Series one is the recipient of a BAFTA Award, British Comedy Award, and a Banff Rockie Award. It has received several nominations including a BAFTA Award, a British Comedy Award, a Royal Television Society Award and an International Emmy Award.

==Characters==

- Joannie 'Nan' Taylor: The foul-mouthed grandmother is an old East London woman who constantly swears at and criticises other people. She is always visited by her well-mannered grandson Jamie, where the visits usually start off well enough, with the Nan showing how grateful she is that her grandson has come to see her. However, things usually take a turn for the worse after she starts to make unfavourable comments about her neighbours, family, and home help visitors. Jamie is a university student, but according to Nan, is unemployed. Nan repeatedly asserts that he is gay, although Jamie has said on many occasions that he has a girlfriend. Regular performances by Catherine Tate and Mathew Horne.
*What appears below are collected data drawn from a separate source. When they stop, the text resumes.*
lemma barcode_of_locally_finite:
  fixes sc :: "'k::field \<Rightarrow> 'v::ab_group_add \<Rightarrow> 'v" and R :: "'b set"
  assumes S: "pmod sc Sp Mp" "pfd sc Sp" and bc: "barcode_of sc Sp Mp R B"
  shows "finite {\<beta>\<in>R. t \<in> B \<beta>}"
proof -
  interpret vector_space_pair sc "fun_scale :: 'k \<Rightarrow> ('b \<Rightarrow> 'k) \<Rightarrow> ('b \<Rightarrow> 'k)"
    unfolding vector_space_pair_def using pmod_vector_space[OF S(1)] vector_space_fun_scale by (rule conjI)
  obtain \<Phi> where \<Phi>: "piso sc Sp Mp fun_scale (bsum_space R B) (bsum_map B) \<Phi>"
    using bc unfolding barcode_of_def by blast
  then have \<Phi>_lin: "lin_on sc fun_scale (Sp t) (\<Phi> t)"
    unfolding piso_def using phom_lin_on by blast
  obtain Bt where Bt: "finite Bt" "Bt \<subseteq> Sp t" "vs1.span Bt = Sp t" using pfdE[OF S(2)] .
  have "bsum_space R B t = \<Phi> t ` Sp t" using \<Phi> unfolding piso_def bij_betw_def by simp
  also have "\<dots> = vs2.span (\<Phi> t ` Bt)"
    using lin_on_span_image[OF pmod_subspace[OF S(1)] \<Phi>_lin Bt(2)] Bt(3) by simp
  finally have "unit_fun ` {\<beta>\<in>R. t \<in> B \<beta>} \<subseteq> vs2.span (\<Phi> t ` Bt)"
    unfolding bsum_space_eq_finsupp_on finsupp_on_def unit_fun_def by (auto split: if_splits)
  then have "finite ((unit_fun :: 'b \<Rightarrow> 'b \<Rightarrow> 'k) ` {\<beta>\<in>R. t \<in> B \<beta>})"
    using vs2.independent_span_bound[OF finite_imageI[OF Bt(1)] independent_unit_fun] by blast
  then show ?thesis using finite_imageD[OF _ inj_on_subset[OF inj_unit_fun]] by blast
qed

lemma barcode_of_pmod_rank:
  fixes sc :: "'k::field \<Rightarrow> 'v::ab_group_add \<Rightarrow> 'v" and R :: "'b set"
  assumes S: "pmod sc Sp Mp" "pfd sc Sp" and bc: "barcode_of sc Sp Mp R B" and st: "s \<le> t"
  shows "pmod_rank sc Sp Mp s t = int (card {\<beta>\<in>R. s \<in> B \<beta> \<and> t \<in> B \<beta>})"
proof -
  interpret vector_space_pair sc "fun_scale :: 'k \<Rightarrow> ('b \<Rightarrow> 'k) \<Rightarrow> ('b \<Rightarrow> 'k)"
    unfolding vector_space_pair_def using pmod_vector_space[OF S(1)] vector_space_fun_scale by (rule conjI)
  obtain \<Phi> where \<Phi>: "piso sc Sp Mp fun_scale (bsum_space R B) (bsum_map B) \<Phi>"
    using bc unfolding barcode_of_def by blast
  have \<Phi>_hom: "phom sc Sp Mp fun_scale (bsum_space R B) (bsum_map B) \<Phi>"
    and \<Phi>_bij: "bij_betw (\<Phi> u) (Sp u) (bsum_space R B u)" for u
    using \<Phi> unfolding piso_def by blast+
  obtain Bt where Bt: "finite Bt" "vs1.span Bt = Sp t" using pfdE[OF S(2)] by metis
  let ?A = "Mp s t ` Sp s"
  have A: "vs1.subspace ?A" "?A \<subseteq> Sp t"
    using pmod_image_subspace[OF S(1) st] pmod_maps_into[OF S(1) st] by auto
  have "?A \<subseteq> vs1.span Bt" using A(2) Bt(2) by simp
  from lin_on_inj_dim_image[OF A(1) Bt(1) this lin_on_subset[OF phom_lin_on[OF \<Phi>_hom] A(2)]
      inj_on_subset[OF bij_betw_imp_inj_on[OF \<Phi>_bij] A(2)]]
  have "vs2.dim (\<Phi> t ` ?A) = vs1.dim ?A" .
  moreover have "\<Phi> t ` ?A = bsum_map B s t ` bsum_space R B s"
    using im_space_structure_map[OF \<Phi>_hom st] \<Phi>_bij[of s]
    unfolding im_space_def bij_betw_def by simp
  moreover have "finite {\<beta>\<in>R. s \<in> B \<beta> \<and> t \<in> B \<beta>}"
    using barcode_of_locally_finite[OF S bc, of s] by (rule rev_finite_subset) auto
  ultimately show ?thesis
    unfolding pmod_rank_def bsum_map_image by (simp add: dim_finsupp_on)
qed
- Lauren Cooper: Lauren Cooper is a comprehensive school student with a bad attitude who is most widely known for her phrase "Am I bovvered?". Lauren, her best friend Lisa 'Liese' Jackson and her love interest Ryan Perkins are known as yobs. Regular performances by Catherine Tate, Mathew Horne and Niky Wardley.
- Bernie: The incompetent Irish nurse. Bernie is an unruly, randy woman who bordered on being sacked in the hospital where she worked in every episode. She frequently makes inappropriate remarks to her patients, flirts with most of the male staff, takes a critically ill patient on a wild night out, and mixes up the records of living patients with those of deceased ones. Regular performance by Catherine Tate.
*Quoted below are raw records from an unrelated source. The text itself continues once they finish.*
(* Let $\mu\in\mathcal{P}(\mathbb{R})$ and let $F_n:\mathbb{R}\to\mathbb{R}^d$, $n\ge1$, be Borel functions such that the family of pushforward measures $((F_n)_*\mu)_{n\ge1}$ is tight. Then, after passing to a subsequence, there exists a Borel function $F:\mathbb{R}\to\mathbb{R}^d$ such that $(F_n)_*\mu\to F_*\mu$ weakly.
   Context: $(F)_*\mu(A)=\mu(F^{-1}(A))$ denotes the pushforward measure. Weak convergence is with respect to bounded continuous functions. *)

theory Defs
  imports "HOL-Probability.Probability"
begin

definition tight_seq :: "(nat \<Rightarrow> 'a::topological_space measure) \<Rightarrow> bool" where
  "tight_seq M \<longleftrightarrow>
     (\<forall>\<epsilon>>0. \<exists>K. compact K \<and> (\<forall>n. measure (M n) (space (M n) - K) < \<epsilon>))"

definition weak_conv_seq :: "(nat \<Rightarrow> 'a::topological_space measure) \<Rightarrow> 'a measure \<Rightarrow> bool" where
  "weak_conv_seq M N \<longleftrightarrow>
     (\<forall>f :: 'a \<Rightarrow> real. continuous_on UNIV f \<and> bounded (range f) \<longrightarrow>
        (\<lambda>n. \<integral>x. f x \<partial>M n) \<longlonglongrightarrow> (\<integral>x. f x \<partial>N))"

end

theory Submission
  imports Defs "HOL-Library.Cardinality" "HOL-Library.Diagonal_Subsequence"
begin

text \<open>
  Split \<open>\<mu>\<close> into its countably many atoms and its diffuse part. At an atom \<open>a\<close>, tightness
  bounds the values \<open>F\<^sub>n a\<close>, so a diagonal subsequence converges at every atom, and \<open>F\<close> is the
  pointwise limit there. For the diffuse part, push \<open>F\<^sub>n\<close> into the open unit cube by a
  homeomorphism and record, for every dyadic level \<open>k\<close> and cell \<open>m\<close>, the mass that
  \<open>F\<^sub>n\<close> sends to the cell; a second diagonal subsequence makes all these masses converge.
  Indexing the cells so that refinement preserves their order, the limit masses cut the range
  of the distribution function \<open>G\<close> of \<open>\<mu>\<close> into nested intervals, and off the atoms
  \<open>F = \<Phi> \<circ> G\<close>, where \<open>\<Phi> u\<close> is the limit of the cells whose intervals contain \<open>u\<close>. As \<open>G\<close>
  is uniformly distributed under the diffuse part, \<open>F\<close> gives every cell its limit mass.
  Tightness keeps the mass away from the boundary of the cube, uniformly in \<open>n\<close>, so that the
  cell masses determine the limits of integrals of bounded continuous functions.
\<close>

lemma bounded_seqs_common_convergent_subseq:
  fixes x :: "nat \<Rightarrow> nat \<Rightarrow> 'a::heine_borel"
  assumes bnd: "\<And>j. bounded (range (x j))"
  shows "\<exists>r. strict_mono r \<and> (\<forall>j. convergent (\<lambda>n. x j (r n)))"
proof -
  let ?P = "\<lambda>j s. convergent (\<lambda>n. x j (s n))"
  interpret nat: subseqs ?P
  proof (unfold subseqs_def, intro allI impI)
    fix j :: nat and s :: "nat \<Rightarrow> nat" assume s: "strict_mono s"
    have "bounded (range (\<lambda>n. x j (s n)))"
      using bnd[of j] by (rule bounded_subset) auto
    then obtain l r where "strict_mono r" "((\<lambda>n. x j (s n)) \<circ> r) \<longlonglongrightarrow> l"
      using bounded_imp_convergent_subsequence by blast
    then show "\<exists>r'. strict_mono r' \<and> ?P j (s \<circ> r')"
      by (auto simp: convergent_def o_def)
  qed
  have "?P j nat.diagseq" for j
  proof -
    have "?P j (nat.diagseq \<circ> ((+) (Suc j)))"
    proof (rule nat.diagseq_holds)
      fix r s n assume "strict_mono (r::nat\<Rightarrow>nat)" "?P n s"
      then show "?P n (s \<circ> r)"
        using convergent_subseq_convergent[of "\<lambda>i. x n (s i)" r] by (simp add: o_def)
    qed
    then obtain L where "(\<lambda>n. x j (nat.diagseq (n + Suc j))) \<longlonglongrightarrow> L"
      by (auto simp: convergent_def o_def add.commute)
    then show ?thesis
      using LIMSEQ_offset convergent_def by blast
  qed
  then show ?thesis using nat.subseq_diagseq by blast
qed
- Paul and Sam: The Essex couple. They are happily married yet slightly simple, and find everyday situations surprisingly hilarious. Paul and Sam often excitedly tell each other stories, which they find highly amusing and interesting. The stories build up and when completed, Paul and Sam would both produce an exaggerated and completely silent laugh. Regular performances by Catherine Tate and Lee Ross.
- Kate and Ellen: This sketch follows two office workers who sit next to each other. While Ellen is usually keen to get on with her work, she is frequently disturbed by Kate (Tate). Kate continually makes conversation about her lifestyle, inviting her co-worker to "Have a guess!" on such delicate situations. While Ellen is reluctant to go along with the guessing games, she is pressured into making a wild guess, which almost always results in Kate becoming insulted and consequently offensive. Ellen occasionally guesses correctly, causing Kate to become angry and verbally or physically abusive towards her. Regular performances by Catherine Tate and Ella Kenion.
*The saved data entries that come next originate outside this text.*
lemma proj_eq_U_pow_counts:
  assumes "s_framed w" "proj_eq (word_mat w) (U_pow c)"
  shows "even (count_list w S) \<and> count_list w U mod 3 = c mod 3"
proof -
  obtain as where "w = su_word as"
    using assms(1) s_framed_iff_su_word by blast
  then show ?thesis
    using U_pow_su_word_U_pow_proj_eq_U_pow[of 0 as 0 c] assms(2) by (simp add: count_list_su_word)
qed

lemma Cons_Cons_eq_append_pair:
  assumes "w = x1 # x2 # r" "w = v @ [y1, y2]" "length w \<ge> 5"
  shows "\<exists>B. B \<noteq> [] \<and> w = [x1, x2] @ B @ [y1, y2]"
proof -
  obtain a b B where "v = a # b # B" "B \<noteq> []"
    using assms(2,3) by (cases v rule: remdups_adj.cases) (auto simp: Suc_le_length_iff)
  then show ?thesis
    using assms(1,2) by auto
qed

lemma a_word_iff: "a_word w \<longleftrightarrow> s_framed w \<and> is_identity w"
proof
  assume framed_id: "s_framed w \<and> is_identity w"
  then obtain as where as: "\<forall>a\<in>set as. a \<ge> 1" "w = su_word as"
    using s_framed_iff_su_word by blast
  have "even (count_list w S) \<and> count_list w U mod 3 = 0"
    using proj_eq_U_pow_counts[of w 0] framed_id by (simp add: is_identity_iff_proj_eq)
  then have odd: "odd (length as)" and sum: "sum_list as mod 3 = 0"
    by (simp_all add: as(2) count_list_su_word)
  obtain a rest where a: "as = a # rest"
    using odd by (cases as) auto
  obtain as' z where z: "as = as' @ [z]"
    using odd by (cases as rule: rev_cases) auto
  have "a \<in> set as"
    using a by simp
  moreover have "z \<in> set as"
    using z by simp
  ultimately have "a \<ge> 1" "z \<ge> 1"
    using as(1) by blast+
  then obtain a' z' where "a = Suc a'" "z = Suc z'"
    by (metis Suc_le_D One_nat_def)
  then have w1: "w = S # U # (replicate a' U @ su_word rest)"
    and w2: "w = (su_word as' @ replicate z' U) @ [U, S]"
    using as(2) by (simp_all add: a su_word_Cons, simp add: z su_word_append syllables_def
        flip: replicate_append_same)
  have "sum_list as \<noteq> 0"
    using as(1) a by simp
  then have "sum_list as \<ge> 3"
    using sum by presburger
  then have "length w \<ge> 5"
    using odd by (simp add: as(2) length_eq_count_U_plus_count_S count_list_su_word a)
  then show "a_word w"
    using Cons_Cons_eq_append_pair[OF w1 w2] framed_id unfolding a_word_def s_framed_def by blast
qed (auto simp: a_word_def s_framed_def)

lemma a_word_counts: "a_word w \<Longrightarrow> 3 dvd count_list w U \<and> even (count_list w S)"
  using proj_eq_U_pow_counts[of w 0] by (auto simp: a_word_iff is_identity_iff_proj_eq)

section \<open>Decomposition into primitive a-words\<close>

lemma join_Cons: "As \<noteq> [] \<Longrightarrow> join (A # As) (g # gs) = A @ replicate g U @ join As gs"
  by (cases As) auto

lemma join_append:
  assumes "Rs \<noteq> []" "Rs' \<noteq> []" "length gs = length Rs - 1"
  shows "join (Rs @ Rs') (gs @ g # gs') = join Rs gs @ replicate g U @ join Rs' gs'"
  using assms
proof (induction Rs arbitrary: gs)
  case (Cons R Rs)
  show ?case
  proof (cases "Rs = []")
    case False
    then obtain h hs where "gs = h # hs"
      using Cons.prems by (cases gs) auto
    then show ?thesis
      using Cons False by (simp add: join_Cons)
  qed (use Cons in \<open>simp add: join_Cons\<close>)
qed simp

lemma count_list_join:
  "length gs = length As - 1 \<Longrightarrow>
    count_list (join As gs) x = sum_list (map (\<lambda>A. count_list A x) As) + (if x = U then sum_list gs else 0)"
proof (induction As arbitrary: gs)
  case (Cons A As)
  show ?case
  proof (cases "As = []")
    case False
    then obtain g gs' where "gs = g # gs'"
      using Cons.prems by (cases gs) auto
    then show ?thesis
      using Cons False by (simp add: join_Cons count_list_replicate)
  qed (use Cons in simp)
qed simp

lemma word_mat_join_proj_eq:
  assumes "\<forall>A\<in>set As. proj_eq (word_mat A) id_mat" "length gs = length As - 1" "As \<noteq> []"
  shows "proj_eq (word_mat (join As gs)) (U_pow (sum_list gs))"
  using assms
proof (induction As arbitrary: gs)
  case (Cons A As)
  show ?case
  proof (cases "As = []")
    case False
    then obtain g gs' where gs: "gs = g # gs'"
      using Cons.prems by (cases gs) auto
    have IH: "proj_eq (word_mat (join As gs')) (U_pow (sum_list gs'))"
      using Cons False by (simp add: gs)
    have "word_mat (join (A # As) gs) = mmul (word_mat A) (mmul (U_pow g) (word_mat (join As gs')))"
      by (simp add: gs join_Cons[OF False] U_pow_def)
    moreover have "proj_eq (mmul (word_mat A) (mmul (U_pow g) (word_mat (join As gs'))))
        (mmul id_mat (mmul (U_pow g) (U_pow (sum_list gs'))))"
      using Cons.prems(1) IH by (intro proj_eq_mmul proj_eq_refl) auto
    ultimately show ?thesis
      by (simp add: gs U_pow_add)
  qed (use Cons in simp)
qed simp

lemma su_word_append_replicate_U: "su_word as @ replicate g U @ su_word bs = su_word (as @ g # bs)"
  by (simp add: su_word_def syllables_append syllables_Cons)

lemma s_framed_join:
  assumes "\<forall>A\<in>set As. s_framed A" "\<forall>g\<in>set gs. g \<ge> 1" "length gs = length As - 1" "As \<noteq> []"
  shows "s_framed (join As gs)"
  using assms
proof (induction As arbitrary: gs)
  case (Cons A As)
  show ?case
  proof (cases "As = []")
    case False
    then obtain g gs' where gs: "gs = g # gs'"
      using Cons.prems by (cases gs) auto
    have "s_framed A" "s_framed (join As gs')"
      using Cons False by (simp_all add: gs)
    then obtain as bs where "A = su_word as" "join As gs' = su_word bs"
      "\<forall>a\<in>set as. a \<ge> 1" "\<forall>b\<in>set bs. b \<ge> 1"
      unfolding s_framed_iff_su_word by blast
    moreover have "g \<ge> 1"
      using Cons.prems(2) by (simp add: gs)
    ultimately show ?thesis
      unfolding s_framed_iff_su_word gs join_Cons[OF False] su_word_append_replicate_U
      by (intro exI[of _ "as @ g # bs"]) (auto simp: su_word_append_replicate_U)
  qed (use Cons in simp)
qed simp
- Elaine Figgis: Elaine is a woman who appears in a documentary following her search for love, mostly corresponding with men around the world via the Internet. The unseen interviewer and narrator called Tanya follows her engagement and eventual marriage to a convicted cannibal and lunatic on Death Row in the US, who abducted, tortured and murdered eight people, proceeding to eat two of them. Regular performance by Catherine Tate and Rebecca Front as the voice of Tanya.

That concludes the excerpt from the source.